Please copy out all the data. Every detail stays the same.

[[ PROVIDED RECORDS open ]]

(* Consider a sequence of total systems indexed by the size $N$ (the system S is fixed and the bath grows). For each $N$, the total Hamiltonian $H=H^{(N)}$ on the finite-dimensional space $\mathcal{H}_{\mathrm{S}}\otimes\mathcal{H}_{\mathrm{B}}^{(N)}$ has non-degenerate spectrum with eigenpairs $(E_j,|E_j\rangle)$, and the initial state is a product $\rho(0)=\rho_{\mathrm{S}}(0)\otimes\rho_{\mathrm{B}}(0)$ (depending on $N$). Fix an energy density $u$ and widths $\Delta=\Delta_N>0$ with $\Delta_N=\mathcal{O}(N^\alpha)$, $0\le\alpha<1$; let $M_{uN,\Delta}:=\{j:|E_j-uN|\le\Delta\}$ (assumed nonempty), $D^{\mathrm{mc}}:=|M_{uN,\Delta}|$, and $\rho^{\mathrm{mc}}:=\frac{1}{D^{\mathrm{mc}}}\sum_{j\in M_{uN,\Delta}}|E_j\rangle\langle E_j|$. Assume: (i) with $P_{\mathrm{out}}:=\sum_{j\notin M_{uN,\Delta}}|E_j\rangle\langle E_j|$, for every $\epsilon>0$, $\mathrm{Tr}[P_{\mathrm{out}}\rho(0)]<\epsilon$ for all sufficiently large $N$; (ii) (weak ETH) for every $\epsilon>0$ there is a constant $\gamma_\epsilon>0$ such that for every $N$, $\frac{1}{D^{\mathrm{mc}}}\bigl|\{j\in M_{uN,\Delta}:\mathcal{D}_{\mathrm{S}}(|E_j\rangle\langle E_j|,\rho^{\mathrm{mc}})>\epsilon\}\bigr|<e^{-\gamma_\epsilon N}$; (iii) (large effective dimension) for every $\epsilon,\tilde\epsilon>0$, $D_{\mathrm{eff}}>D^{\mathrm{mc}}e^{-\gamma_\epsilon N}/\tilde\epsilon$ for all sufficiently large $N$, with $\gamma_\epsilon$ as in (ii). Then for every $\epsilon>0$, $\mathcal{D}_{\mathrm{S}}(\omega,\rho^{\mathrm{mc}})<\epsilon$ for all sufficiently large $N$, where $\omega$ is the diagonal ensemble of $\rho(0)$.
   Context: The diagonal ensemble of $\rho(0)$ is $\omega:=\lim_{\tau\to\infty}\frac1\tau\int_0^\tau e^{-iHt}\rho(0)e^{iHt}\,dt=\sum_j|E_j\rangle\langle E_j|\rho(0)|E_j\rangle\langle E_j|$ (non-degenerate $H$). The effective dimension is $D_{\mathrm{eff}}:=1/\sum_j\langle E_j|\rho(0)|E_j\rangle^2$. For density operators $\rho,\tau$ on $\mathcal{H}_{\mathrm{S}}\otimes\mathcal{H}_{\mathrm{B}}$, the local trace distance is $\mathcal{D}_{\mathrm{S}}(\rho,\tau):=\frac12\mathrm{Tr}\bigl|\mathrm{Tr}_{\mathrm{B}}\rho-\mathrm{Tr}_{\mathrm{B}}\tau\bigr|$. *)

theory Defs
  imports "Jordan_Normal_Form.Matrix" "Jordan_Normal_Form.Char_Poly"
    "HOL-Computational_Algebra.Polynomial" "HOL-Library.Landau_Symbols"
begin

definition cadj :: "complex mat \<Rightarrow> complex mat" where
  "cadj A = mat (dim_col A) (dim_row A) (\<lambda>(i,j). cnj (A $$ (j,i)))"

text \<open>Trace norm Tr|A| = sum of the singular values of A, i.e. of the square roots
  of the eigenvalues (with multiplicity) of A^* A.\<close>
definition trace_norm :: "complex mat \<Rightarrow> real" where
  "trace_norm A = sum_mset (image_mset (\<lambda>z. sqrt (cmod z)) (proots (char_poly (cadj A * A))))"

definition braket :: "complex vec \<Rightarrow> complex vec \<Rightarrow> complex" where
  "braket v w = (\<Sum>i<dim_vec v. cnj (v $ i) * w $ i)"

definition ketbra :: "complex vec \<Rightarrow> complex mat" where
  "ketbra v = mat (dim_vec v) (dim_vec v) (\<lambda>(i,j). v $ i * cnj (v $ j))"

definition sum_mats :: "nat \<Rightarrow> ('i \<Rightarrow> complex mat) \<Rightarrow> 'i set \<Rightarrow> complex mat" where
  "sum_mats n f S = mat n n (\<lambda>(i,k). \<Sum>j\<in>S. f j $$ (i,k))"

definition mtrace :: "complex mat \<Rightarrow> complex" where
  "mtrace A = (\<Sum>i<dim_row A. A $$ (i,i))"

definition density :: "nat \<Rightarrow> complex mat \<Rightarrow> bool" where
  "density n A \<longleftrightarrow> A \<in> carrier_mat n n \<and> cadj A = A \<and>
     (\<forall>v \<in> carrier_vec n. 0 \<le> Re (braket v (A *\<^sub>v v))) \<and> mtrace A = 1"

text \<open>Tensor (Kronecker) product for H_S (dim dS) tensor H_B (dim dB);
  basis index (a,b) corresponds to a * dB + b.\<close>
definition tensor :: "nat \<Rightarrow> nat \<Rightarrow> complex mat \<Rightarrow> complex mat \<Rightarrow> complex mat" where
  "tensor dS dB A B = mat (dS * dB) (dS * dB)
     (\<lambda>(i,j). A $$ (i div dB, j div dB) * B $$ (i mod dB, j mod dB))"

[[ PROVIDED RECORDS closed ]]

■ TASK OUTPUT
(* Consider a sequence of total systems indexed by the size $N$ (the system S is fixed and the bath grows). For each $N$, the total Hamiltonian $H=H^{(N)}$ on the finite-dimensional space $\mathcal{H}_{\mathrm{S}}\otimes\mathcal{H}_{\mathrm{B}}^{(N)}$ has non-degenerate spectrum with eigenpairs $(E_j,|E_j\rangle)$, and the initial state is a product $\rho(0)=\rho_{\mathrm{S}}(0)\otimes\rho_{\mathrm{B}}(0)$ (depending on $N$). Fix an energy density $u$ and widths $\Delta=\Delta_N>0$ with $\Delta_N=\mathcal{O}(N^\alpha)$, $0\le\alpha<1$; let $M_{uN,\Delta}:=\{j:|E_j-uN|\le\Delta\}$ (assumed nonempty), $D^{\mathrm{mc}}:=|M_{uN,\Delta}|$, and $\rho^{\mathrm{mc}}:=\frac{1}{D^{\mathrm{mc}}}\sum_{j\in M_{uN,\Delta}}|E_j\rangle\langle E_j|$. Assume: (i) with $P_{\mathrm{out}}:=\sum_{j\notin M_{uN,\Delta}}|E_j\rangle\langle E_j|$, for every $\epsilon>0$, $\mathrm{Tr}[P_{\mathrm{out}}\rho(0)]<\epsilon$ for all sufficiently large $N$; (ii) (weak ETH) for every $\epsilon>0$ there is a constant $\gamma_\epsilon>0$ such that for every $N$, $\frac{1}{D^{\mathrm{mc}}}\bigl|\{j\in M_{uN,\Delta}:\mathcal{D}_{\mathrm{S}}(|E_j\rangle\langle E_j|,\rho^{\mathrm{mc}})>\epsilon\}\bigr|<e^{-\gamma_\epsilon N}$; (iii) (large effective dimension) for every $\epsilon,\tilde\epsilon>0$, $D_{\mathrm{eff}}>D^{\mathrm{mc}}e^{-\gamma_\epsilon N}/\tilde\epsilon$ for all sufficiently large $N$, with $\gamma_\epsilon$ as in (ii). Then for every $\epsilon>0$, $\mathcal{D}_{\mathrm{S}}(\omega,\rho^{\mathrm{mc}})<\epsilon$ for all sufficiently large $N$, where $\omega$ is the diagonal ensemble of $\rho(0)$.
   Context: The diagonal ensemble of $\rho(0)$ is $\omega:=\lim_{\tau\to\infty}\frac1\tau\int_0^\tau e^{-iHt}\rho(0)e^{iHt}\,dt=\sum_j|E_j\rangle\langle E_j|\rho(0)|E_j\rangle\langle E_j|$ (non-degenerate $H$). The effective dimension is $D_{\mathrm{eff}}:=1/\sum_j\langle E_j|\rho(0)|E_j\rangle^2$. For density operators $\rho,\tau$ on $\mathcal{H}_{\mathrm{S}}\otimes\mathcal{H}_{\mathrm{B}}$, the local trace distance is $\mathcal{D}_{\mathrm{S}}(\rho,\tau):=\frac12\mathrm{Tr}\bigl|\mathrm{Tr}_{\mathrm{B}}\rho-\mathrm{Tr}_{\mathrm{B}}\tau\bigr|$. *)

theory Defs
  imports "Jordan_Normal_Form.Matrix" "Jordan_Normal_Form.Char_Poly"
    "HOL-Computational_Algebra.Polynomial" "HOL-Library.Landau_Symbols"
begin

definition cadj :: "complex mat \<Rightarrow> complex mat" where
  "cadj A = mat (dim_col A) (dim_row A) (\<lambda>(i,j). cnj (A $$ (j,i)))"

text \<open>Trace norm Tr|A| = sum of the singular values of A, i.e. of the square roots
  of the eigenvalues (with multiplicity) of A^* A.\<close>
definition trace_norm :: "complex mat \<Rightarrow> real" where
  "trace_norm A = sum_mset (image_mset (\<lambda>z. sqrt (cmod z)) (proots (char_poly (cadj A * A))))"

definition braket :: "complex vec \<Rightarrow> complex vec \<Rightarrow> complex" where
  "braket v w = (\<Sum>i<dim_vec v. cnj (v $ i) * w $ i)"

definition ketbra :: "complex vec \<Rightarrow> complex mat" where
  "ketbra v = mat (dim_vec v) (dim_vec v) (\<lambda>(i,j). v $ i * cnj (v $ j))"

definition sum_mats :: "nat \<Rightarrow> ('i \<Rightarrow> complex mat) \<Rightarrow> 'i set \<Rightarrow> complex mat" where
  "sum_mats n f S = mat n n (\<lambda>(i,k). \<Sum>j\<in>S. f j $$ (i,k))"

definition mtrace :: "complex mat \<Rightarrow> complex" where
  "mtrace A = (\<Sum>i<dim_row A. A $$ (i,i))"

definition density :: "nat \<Rightarrow> complex mat \<Rightarrow> bool" where
  "density n A \<longleftrightarrow> A \<in> carrier_mat n n \<and> cadj A = A \<and>
     (\<forall>v \<in> carrier_vec n. 0 \<le> Re (braket v (A *\<^sub>v v))) \<and> mtrace A = 1"

text \<open>Tensor (Kronecker) product for H_S (dim dS) tensor H_B (dim dB);
  basis index (a,b) corresponds to a * dB + b.\<close>
definition tensor :: "nat \<Rightarrow> nat \<Rightarrow> complex mat \<Rightarrow> complex mat \<Rightarrow> complex mat" where
  "tensor dS dB A B = mat (dS * dB) (dS * dB)
     (\<lambda>(i,j). A $$ (i div dB, j div dB) * B $$ (i mod dB, j mod dB))"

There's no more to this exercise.